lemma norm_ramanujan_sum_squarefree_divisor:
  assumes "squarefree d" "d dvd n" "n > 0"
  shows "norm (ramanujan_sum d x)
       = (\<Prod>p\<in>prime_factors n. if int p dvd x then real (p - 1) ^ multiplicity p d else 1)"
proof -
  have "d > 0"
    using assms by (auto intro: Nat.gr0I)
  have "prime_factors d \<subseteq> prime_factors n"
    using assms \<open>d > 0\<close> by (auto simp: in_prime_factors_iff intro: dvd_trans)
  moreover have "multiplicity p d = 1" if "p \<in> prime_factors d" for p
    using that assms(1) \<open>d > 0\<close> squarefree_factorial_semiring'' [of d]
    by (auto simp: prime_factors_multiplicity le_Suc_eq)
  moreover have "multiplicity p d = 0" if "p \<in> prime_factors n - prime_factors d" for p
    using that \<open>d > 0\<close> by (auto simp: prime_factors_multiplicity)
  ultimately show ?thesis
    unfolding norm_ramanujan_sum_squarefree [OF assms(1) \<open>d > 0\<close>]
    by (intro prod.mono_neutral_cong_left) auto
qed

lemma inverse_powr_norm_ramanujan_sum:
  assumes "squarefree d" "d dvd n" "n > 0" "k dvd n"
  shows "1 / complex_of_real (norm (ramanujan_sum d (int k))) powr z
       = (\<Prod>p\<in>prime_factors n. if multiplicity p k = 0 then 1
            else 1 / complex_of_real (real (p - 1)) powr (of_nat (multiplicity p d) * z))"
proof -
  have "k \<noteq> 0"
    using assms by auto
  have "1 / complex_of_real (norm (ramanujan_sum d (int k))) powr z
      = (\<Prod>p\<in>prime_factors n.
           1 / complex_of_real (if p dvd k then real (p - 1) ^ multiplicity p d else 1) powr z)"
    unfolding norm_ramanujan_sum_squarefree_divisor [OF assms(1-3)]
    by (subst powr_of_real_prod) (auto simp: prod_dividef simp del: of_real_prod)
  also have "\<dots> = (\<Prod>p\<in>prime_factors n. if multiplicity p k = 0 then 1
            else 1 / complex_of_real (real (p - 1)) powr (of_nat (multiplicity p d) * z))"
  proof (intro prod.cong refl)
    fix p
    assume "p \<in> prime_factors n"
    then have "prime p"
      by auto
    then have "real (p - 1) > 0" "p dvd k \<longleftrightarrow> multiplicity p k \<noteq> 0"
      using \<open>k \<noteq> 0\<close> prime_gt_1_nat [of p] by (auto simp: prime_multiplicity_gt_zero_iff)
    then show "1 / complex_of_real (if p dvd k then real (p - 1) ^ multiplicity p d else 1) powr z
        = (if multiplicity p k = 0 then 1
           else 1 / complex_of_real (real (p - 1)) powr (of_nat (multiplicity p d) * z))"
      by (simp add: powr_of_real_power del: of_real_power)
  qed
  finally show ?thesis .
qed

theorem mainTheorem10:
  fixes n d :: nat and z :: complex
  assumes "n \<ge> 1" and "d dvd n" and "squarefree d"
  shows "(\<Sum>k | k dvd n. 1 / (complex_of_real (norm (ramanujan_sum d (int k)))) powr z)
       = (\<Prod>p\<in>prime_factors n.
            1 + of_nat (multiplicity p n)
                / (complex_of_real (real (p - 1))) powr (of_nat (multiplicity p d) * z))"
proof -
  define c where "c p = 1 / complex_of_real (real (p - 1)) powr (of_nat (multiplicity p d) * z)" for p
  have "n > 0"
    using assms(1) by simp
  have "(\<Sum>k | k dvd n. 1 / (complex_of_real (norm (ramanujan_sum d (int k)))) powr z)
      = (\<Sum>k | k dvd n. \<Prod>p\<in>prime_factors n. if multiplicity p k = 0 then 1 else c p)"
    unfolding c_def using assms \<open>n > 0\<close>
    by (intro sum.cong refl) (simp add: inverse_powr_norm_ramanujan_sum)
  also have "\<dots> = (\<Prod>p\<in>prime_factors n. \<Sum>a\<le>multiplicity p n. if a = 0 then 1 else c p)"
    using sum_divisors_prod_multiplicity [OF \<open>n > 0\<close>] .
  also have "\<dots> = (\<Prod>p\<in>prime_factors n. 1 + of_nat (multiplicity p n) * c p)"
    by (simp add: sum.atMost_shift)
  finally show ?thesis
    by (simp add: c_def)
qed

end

-=-=-=-=-

> [TASK INSTRUCTIONS]
Your task is to retype the whole listing, keeping every word exactly as it is.

> [EXPECTED ANSWER]
lemma norm_ramanujan_sum_squarefree_divisor:
  assumes "squarefree d" "d dvd n" "n > 0"
  shows "norm (ramanujan_sum d x)
       = (\<Prod>p\<in>prime_factors n. if int p dvd x then real (p - 1) ^ multiplicity p d else 1)"
proof -
  have "d > 0"
    using assms by (auto intro: Nat.gr0I)
  have "prime_factors d \<subseteq> prime_factors n"
    using assms \<open>d > 0\<close> by (auto simp: in_prime_factors_iff intro: dvd_trans)
  moreover have "multiplicity p d = 1" if "p \<in> prime_factors d" for p
    using that assms(1) \<open>d > 0\<close> squarefree_factorial_semiring'' [of d]
    by (auto simp: prime_factors_multiplicity le_Suc_eq)
  moreover have "multiplicity p d = 0" if "p \<in> prime_factors n - prime_factors d" for p
    using that \<open>d > 0\<close> by (auto simp: prime_factors_multiplicity)
  ultimately show ?thesis
    unfolding norm_ramanujan_sum_squarefree [OF assms(1) \<open>d > 0\<close>]
    by (intro prod.mono_neutral_cong_left) auto
qed

lemma inverse_powr_norm_ramanujan_sum:
  assumes "squarefree d" "d dvd n" "n > 0" "k dvd n"
  shows "1 / complex_of_real (norm (ramanujan_sum d (int k))) powr z
       = (\<Prod>p\<in>prime_factors n. if multiplicity p k = 0 then 1
            else 1 / complex_of_real (real (p - 1)) powr (of_nat (multiplicity p d) * z))"
proof -
  have "k \<noteq> 0"
    using assms by auto
  have "1 / complex_of_real (norm (ramanujan_sum d (int k))) powr z
      = (\<Prod>p\<in>prime_factors n.
           1 / complex_of_real (if p dvd k then real (p - 1) ^ multiplicity p d else 1) powr z)"
    unfolding norm_ramanujan_sum_squarefree_divisor [OF assms(1-3)]
    by (subst powr_of_real_prod) (auto simp: prod_dividef simp del: of_real_prod)
  also have "\<dots> = (\<Prod>p\<in>prime_factors n. if multiplicity p k = 0 then 1
            else 1 / complex_of_real (real (p - 1)) powr (of_nat (multiplicity p d) * z))"
  proof (intro prod.cong refl)
    fix p
    assume "p \<in> prime_factors n"
    then have "prime p"
      by auto
    then have "real (p - 1) > 0" "p dvd k \<longleftrightarrow> multiplicity p k \<noteq> 0"
      using \<open>k \<noteq> 0\<close> prime_gt_1_nat [of p] by (auto simp: prime_multiplicity_gt_zero_iff)
    then show "1 / complex_of_real (if p dvd k then real (p - 1) ^ multiplicity p d else 1) powr z
        = (if multiplicity p k = 0 then 1
           else 1 / complex_of_real (real (p - 1)) powr (of_nat (multiplicity p d) * z))"
      by (simp add: powr_of_real_power del: of_real_power)
  qed
  finally show ?thesis .
qed

theorem mainTheorem10:
  fixes n d :: nat and z :: complex
  assumes "n \<ge> 1" and "d dvd n" and "squarefree d"
  shows "(\<Sum>k | k dvd n. 1 / (complex_of_real (norm (ramanujan_sum d (int k)))) powr z)
       = (\<Prod>p\<in>prime_factors n.
            1 + of_nat (multiplicity p n)
                / (complex_of_real (real (p - 1))) powr (of_nat (multiplicity p d) * z))"
proof -
  define c where "c p = 1 / complex_of_real (real (p - 1)) powr (of_nat (multiplicity p d) * z)" for p
  have "n > 0"
    using assms(1) by simp
  have "(\<Sum>k | k dvd n. 1 / (complex_of_real (norm (ramanujan_sum d (int k)))) powr z)
      = (\<Sum>k | k dvd n. \<Prod>p\<in>prime_factors n. if multiplicity p k = 0 then 1 else c p)"
    unfolding c_def using assms \<open>n > 0\<close>
    by (intro sum.cong refl) (simp add: inverse_powr_norm_ramanujan_sum)
  also have "\<dots> = (\<Prod>p\<in>prime_factors n. \<Sum>a\<le>multiplicity p n. if a = 0 then 1 else c p)"
    using sum_divisors_prod_multiplicity [OF \<open>n > 0\<close>] .
  also have "\<dots> = (\<Prod>p\<in>prime_factors n. 1 + of_nat (multiplicity p n) * c p)"
    by (simp add: sum.atMost_shift)
  finally show ?thesis
    by (simp add: c_def)
qed

end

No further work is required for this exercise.